[Stored data]
(* Let $\mathbb{F}$ be a field, $m,b\in\mathbb{F}$ with $m\neq0$, $m\neq1$. Consider the reduction system $\Gamma$ in $\mathbb{F}\langle A,B,C\rangle$ consisting of the pairs $\alpha=\left(AB,\frac{mC-bI}{m-1}\right)$, $\beta=(AC,mCA)$, $\gamma=\left(BA,\frac{C-bI}{m-1}\right)$, $\delta=(CB,mBC)$, and $\varepsilon(k)=\left(BC^kA,\frac{C^{k+1}-bC^k}{m^k(m-1)}\right)$ for $k=1,2,\ldots$. Then $\Gamma$ has no inclusion ambiguities and every (overlap) ambiguity of $\Gamma$ is resolvable.
   Context: A reduction system in $\mathbb{F}\langle A,B,C\rangle$ is a set $S$ of pairs $\mu=(W_\mu,f_\mu)$ with $W_\mu$ a word (element of the free monoid on $A,B,C$) and $f_\mu\in\mathbb{F}\langle A,B,C\rangle$. For words $L,R$ and $\mu\in S$, the reduction $r_{L\mu R}$ is the linear map of $\mathbb{F}\langle A,B,C\rangle$ fixing every word except $LW_\mu R$, which it sends to $Lf_\mu R$. An overlap ambiguity is a tuple $(\mu,\nu,L,X,R)$ with $\mu,\nu\in S$, $L,X,R$ nonempty words, $W_\mu=LX$, $W_\nu=XR$; it is resolvable if there are finite compositions of reductions $\lambda,\rho$ with $\lambda(f_\mu R)=\rho(Lf_\nu)$. An inclusion ambiguity is $(\mu,\nu,L,X,R)$ with $\mu\ne\nu$, $W_\mu=X$, $W_\nu=LXR$; it is resolvable if $\lambda(Lf_\mu R)=\rho(f_\nu)$ for some compositions of reductions $\lambda,\rho$. *)

theory Defs
  imports Main "HOL-Library.Poly_Mapping"
begin
text \<open>If every eigenvalue had modulus below one, a slightly enlarged multiple s T would
  still have spectral radius below one and hence bounded powers; the powers of T would then
  decay like s^-k and could not preserve the norm of x.\<close>

lemma eigenvalue_ge_1_if_orbit_isometric:
  fixes T :: "complex mat"
  assumes T: "T \<in> carrier_mat n n" and x: "x \<in> carrier_vec n" "x \<noteq> 0\<^sub>v n"
    and iso: "\<And>k. vnorm (T ^\<^sub>m k *\<^sub>v x) = vnorm x"
  shows "\<exists>lam v. eigenvector T v lam \<and> cmod lam \<ge> 1"
proof (rule ccontr)
  assume "\<not> ?thesis"
  then have small: "eigenvector T v lam \<Longrightarrow> cmod lam < 1" for v lam by force
  have n: "n > 0" using x by (cases n) auto
  define \<rho> where "\<rho> = spectral_radius T"
  obtain l where "l \<in> spectrum T" "\<rho> = cmod l"
    using spectral_radius_mem_max(1)[OF T n] unfolding \<rho>_def by auto
  then have \<rho>: "0 \<le> \<rho>" "\<rho> < 1" using small unfolding spectrum_def eigenvalue_def by auto
  define s :: real where "s = 2 / (1 + \<rho>)"
  have s: "s > 1" "s * \<rho> < 1" using \<rho> by (simp_all add: s_def field_simps)
  define S where "S = complex_of_real s \<cdot>\<^sub>m T"
  have S: "S \<in> carrier_mat n n" using T by (simp add: S_def)
  have "spectral_radius S \<le> s * \<rho>"
    using spectral_radius_smult_le[OF T n, of "complex_of_real s"] s unfolding S_def \<rho>_def by simp
  then obtain c where c: "\<And>k. norm_bound (S ^\<^sub>m k) c"
    using spectral_radius_jnf_norm_bound_less_1_upper_triangular[OF S] s by force
  define M where "M = (\<Sum>j<n. cmod (x $ j))"
  have bound: "s ^ k * vnorm x \<le> n * (c * M)" for k
  proof -
    have "S ^\<^sub>m k *\<^sub>v x = complex_of_real (s ^ k) \<cdot>\<^sub>v (T ^\<^sub>m k *\<^sub>v x)"
      using T x by (simp add: S_def pow_smult_mat smult_mat_mult_vec)
    then have "vnorm (S ^\<^sub>m k *\<^sub>v x) = s ^ k * vnorm x"
      using s iso by (simp add: vnorm_smult norm_power)
    then show ?thesis
      using vnorm_mult_mat_vec_le[OF pow_carrier_mat[OF S, of k] c x(1)] by (simp add: M_def)
  qed
  have "vnorm x > 0" using vnorm_pos x by blast
  moreover obtain k where "n * (c * M) / vnorm x < s ^ k" using real_arch_pow[OF s(1)] by blast
  ultimately show False using bound[of k] by (simp add: field_simps)
qed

ABOUT THIS TASK
Lines from the one containing "S] s by force" to the end of the data are to be printed exactly, including the first and last.

SOLUTION TO THIS TASK
    using spectral_radius_jnf_norm_bound_less_1_upper_triangular[OF S] s by force
  define M where "M = (\<Sum>j<n. cmod (x $ j))"
  have bound: "s ^ k * vnorm x \<le> n * (c * M)" for k
  proof -
    have "S ^\<^sub>m k *\<^sub>v x = complex_of_real (s ^ k) \<cdot>\<^sub>v (T ^\<^sub>m k *\<^sub>v x)"
      using T x by (simp add: S_def pow_smult_mat smult_mat_mult_vec)
    then have "vnorm (S ^\<^sub>m k *\<^sub>v x) = s ^ k * vnorm x"
      using s iso by (simp add: vnorm_smult norm_power)
    then show ?thesis
      using vnorm_mult_mat_vec_le[OF pow_carrier_mat[OF S, of k] c x(1)] by (simp add: M_def)
  qed
  have "vnorm x > 0" using vnorm_pos x by blast
  moreover obtain k where "n * (c * M) / vnorm x < s ^ k" using real_arch_pow[OF s(1)] by blast
  ultimately show False using bound[of k] by (simp add: field_simps)
qed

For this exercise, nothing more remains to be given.